→ **MATERIAL FOR THE TASK**:
(* Let $(\Omega,\Sigma,\mu)$ be a measure space with $\mu$ a positive countably additive measure, let $\rho:\Omega\to[0,\infty)$ be measurable, and let $f,g_1,\dots,g_n,h$ be real-valued measurable functions on $\Omega$ with $\int_\Omega\rho|u|^2\,d\mu<\infty$ for each $u\in\{f,g_1,\dots,g_n,h\}$. Writing $\int_\Omega\rho uv\,d\mu$ for $\int_\Omega\rho(s)u(s)v(s)\,d\mu(s)$, we have \[ \sum_{i=1}^n\begin{vmatrix}\int_\Omega\rho fg_i\,d\mu & \int_\Omega\rho fh\,d\mu\\ \int_\Omega\rho g_ih\,d\mu & \int_\Omega\rho h^2\,d\mu\end{vmatrix}^2 \le \begin{vmatrix}\int_\Omega\rho f^2\,d\mu & \int_\Omega\rho fh\,d\mu\\ \int_\Omega\rho fh\,d\mu & \int_\Omega\rho h^2\,d\mu\end{vmatrix} \times\left\{\max_{1\le i\le n}\begin{vmatrix}\int_\Omega\rho g_i^2\,d\mu & \int_\Omega\rho g_ih\,d\mu\\ \int_\Omega\rho g_ih\,d\mu & \int_\Omega\rho h^2\,d\mu\end{vmatrix} +(n-1)\max_{1\le i\ne j\le n}\left|\begin{vmatrix}\int_\Omega\rho g_jg_i\,d\mu & \int_\Omega\rho g_jh\,d\mu\\ \int_\Omega\rho g_ih\,d\mu & \int_\Omega\rho h^2\,d\mu\end{vmatrix}\right|\right\}. \]
   Context: $\begin{vmatrix}a&b\\c&d\end{vmatrix}=ad-bc$ denotes a $2\times2$ determinant. The maximum over $1\le i\ne j\le n$ is over all pairs $(i,j)$ with $i\ne j$. *)

theory Defs
  imports "HOL-Analysis.Analysis"
begin

definition det2 :: "real \<Rightarrow> real \<Rightarrow> real \<Rightarrow> real \<Rightarrow> real" where
  "det2 a b c d = a * d - b * c"

definition wip :: "'a measure \<Rightarrow> ('a \<Rightarrow> real) \<Rightarrow> ('a \<Rightarrow> real) \<Rightarrow> ('a \<Rightarrow> real) \<Rightarrow> real" where
  "wip M \<rho> u v = (LINT s|M. \<rho> s * u s * v s)"

end

theory Submission
  imports Defs
begin

text \<open>
  For fixed \<open>h\<close>, the form \<open>B(u, v) = \<langle>u, v\<rangle>\<langle>h, h\<rangle> - \<langle>u, h\<rangle>\<langle>v, h\<rangle>\<close> is
  \<open>\<langle>h, h\<rangle>\<close> times the inner product of the components of \<open>u\<close> and \<open>v\<close> orthogonal to \<open>h\<close>,
  hence positive semidefinite, and every determinant in the statement is a value of \<open>B\<close>.
  The inequality is then Bombieri's inequality for \<open>B\<close>: with \<open>c\<^sub>i = B(f, g\<^sub>i)\<close> and
  \<open>v = \<Sum> c\<^sub>i g\<^sub>i\<close>, Cauchy-Schwarz gives \<open>(\<Sum> c\<^sub>i\<^sup>2)\<^sup>2 = B(f, v)\<^sup>2 \<le> B(f, f) B(v, v)\<close>, and
  \<open>2 |c\<^sub>i c\<^sub>j| \<le> c\<^sub>i\<^sup>2 + c\<^sub>j\<^sup>2\<close> bounds \<open>B(v, v) = \<Sum>\<^sub>i\<^sub>j c\<^sub>i c\<^sub>j B(g\<^sub>i, g\<^sub>j)\<close> by \<open>\<Sum> c\<^sub>i\<^sup>2\<close> times the
  largest absolute row sum of the matrix \<open>B(g\<^sub>i, g\<^sub>j)\<close>.
\<close>

lemma discriminant_le_of_quadratic_nonneg:
  fixes a b c :: real
  assumes nonneg: "\<And>t. 0 \<le> a + 2 * b * t + c * t\<^sup>2" and "0 \<le> c"
  shows "b\<^sup>2 \<le> a * c"
proof (cases "c = 0")
  case True
  show ?thesis
  proof (rule ccontr)
    assume "\<not> ?thesis"
    with True have "b \<noteq> 0" by simp
    have "0 \<le> a + 2 * b * (- (a + 1) / (2 * b))" using nonneg[of "- (a + 1) / (2 * b)"] True by simp
    also have "\<dots> = -1" using \<open>b \<noteq> 0\<close> by (simp add: field_simps)
    finally show False by simp
  qed
next
  case False
  with \<open>0 \<le> c\<close> have "0 < c" by simp
  have "0 \<le> a + 2 * b * (- b / c) + c * (- b / c)\<^sup>2" by (rule nonneg)
  also have "\<dots> = (a * c - b\<^sup>2) / c" using \<open>0 < c\<close> by (simp add: field_simps power2_eq_square)
  finally show ?thesis using \<open>0 < c\<close> by (simp add: zero_le_divide_iff)
qed

lemma quadratic_form_le_row_sum_bound:
  fixes G :: "'i \<Rightarrow> 'i \<Rightarrow> real" and c :: "'i \<Rightarrow> real"
  assumes sym: "\<And>i j. i \<in> I \<Longrightarrow> j \<in> I \<Longrightarrow> G i j = G j i"
    and row: "\<And>i. i \<in> I \<Longrightarrow> (\<Sum>j\<in>I. \<bar>G i j\<bar>) \<le> K"
  shows "(\<Sum>i\<in>I. \<Sum>j\<in>I. c i * c j * G i j) \<le> (\<Sum>i\<in>I. (c i)\<^sup>2) * K"
proof -
  have amgm: "x * y * z \<le> (x\<^sup>2 / 2 + y\<^sup>2 / 2) * \<bar>z\<bar>" for x y z :: real
  proof -
    have "x * y * z \<le> \<bar>x * y\<bar> * \<bar>z\<bar>" by (metis abs_ge_self abs_mult)
    also have "\<dots> \<le> (x\<^sup>2 / 2 + y\<^sup>2 / 2) * \<bar>z\<bar>"
      using sum_squares_bound[of "\<bar>x\<bar>" "\<bar>y\<bar>"] by (intro mult_right_mono) (auto simp: abs_mult)
    finally show ?thesis .
  qed
  have "(\<Sum>i\<in>I. \<Sum>j\<in>I. c i * c j * G i j)
      \<le> (\<Sum>i\<in>I. \<Sum>j\<in>I. ((c i)\<^sup>2 / 2 + (c j)\<^sup>2 / 2) * \<bar>G i j\<bar>)"
    by (intro sum_mono amgm)
  also have "\<dots> = (\<Sum>i\<in>I. \<Sum>j\<in>I. (c i)\<^sup>2 / 2 * \<bar>G i j\<bar>) + (\<Sum>i\<in>I. \<Sum>j\<in>I. (c j)\<^sup>2 / 2 * \<bar>G i j\<bar>)"
    by (simp add: distrib_right sum.distrib)
  also have "(\<Sum>i\<in>I. \<Sum>j\<in>I. (c j)\<^sup>2 / 2 * \<bar>G i j\<bar>) = (\<Sum>i\<in>I. \<Sum>j\<in>I. (c i)\<^sup>2 / 2 * \<bar>G i j\<bar>)"
    by (subst sum.swap) (simp add: sym cong: sum.cong)
  also have "(\<Sum>i\<in>I. \<Sum>j\<in>I. (c i)\<^sup>2 / 2 * \<bar>G i j\<bar>) + \<dots> = (\<Sum>i\<in>I. (c i)\<^sup>2 * (\<Sum>j\<in>I. \<bar>G i j\<bar>))"
    by (simp add: sum_distrib_left sum.distrib[symmetric] mult.commute)
  also have "\<dots> \<le> (\<Sum>i\<in>I. (c i)\<^sup>2 * K)"
    by (intro sum_mono mult_left_mono row) auto
  finally show ?thesis by (simp add: sum_distrib_right)
qed

text \<open>
  The form lives on a set \<open>V\<close> of functions rather than on a vector space type, because the
  weighted \<open>L\<^sup>2\<close> inner product is bilinear only on the square-integrable functions.
\<close>

locale pos_semidef_form =
  fixes V :: "('a \<Rightarrow> real) set" and B :: "('a \<Rightarrow> real) \<Rightarrow> ('a \<Rightarrow> real) \<Rightarrow> real"
  assumes zero_mem: "(\<lambda>_. 0) \<in> V"
    and lincomb_mem: "u \<in> V \<Longrightarrow> v \<in> V \<Longrightarrow> (\<lambda>s. u s + t * v s) \<in> V"
    and sym: "u \<in> V \<Longrightarrow> v \<in> V \<Longrightarrow> B u v = B v u"
    and lincomb_left: "u \<in> V \<Longrightarrow> v \<in> V \<Longrightarrow> w \<in> V \<Longrightarrow> B (\<lambda>s. u s + t * v s) w = B u w + t * B v w"
    and nonneg: "u \<in> V \<Longrightarrow> 0 \<le> B u u"
begin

→ **AIM OF THE EXERCISE**: From the listing above, the lines starting with the one that has "I \<Longrightarrow> (\<Sum>j\<in>I." and running through the one that has "by (intro sum_mono amgm)" should be copied exactly, ends included.

→ **RESULT OF THIS EXERCISE**:
    and row: "\<And>i. i \<in> I \<Longrightarrow> (\<Sum>j\<in>I. \<bar>G i j\<bar>) \<le> K"
  shows "(\<Sum>i\<in>I. \<Sum>j\<in>I. c i * c j * G i j) \<le> (\<Sum>i\<in>I. (c i)\<^sup>2) * K"
proof -
  have amgm: "x * y * z \<le> (x\<^sup>2 / 2 + y\<^sup>2 / 2) * \<bar>z\<bar>" for x y z :: real
  proof -
    have "x * y * z \<le> \<bar>x * y\<bar> * \<bar>z\<bar>" by (metis abs_ge_self abs_mult)
    also have "\<dots> \<le> (x\<^sup>2 / 2 + y\<^sup>2 / 2) * \<bar>z\<bar>"
      using sum_squares_bound[of "\<bar>x\<bar>" "\<bar>y\<bar>"] by (intro mult_right_mono) (auto simp: abs_mult)
    finally show ?thesis .
  qed
  have "(\<Sum>i\<in>I. \<Sum>j\<in>I. c i * c j * G i j)
      \<le> (\<Sum>i\<in>I. \<Sum>j\<in>I. ((c i)\<^sup>2 / 2 + (c j)\<^sup>2 / 2) * \<bar>G i j\<bar>)"
    by (intro sum_mono amgm)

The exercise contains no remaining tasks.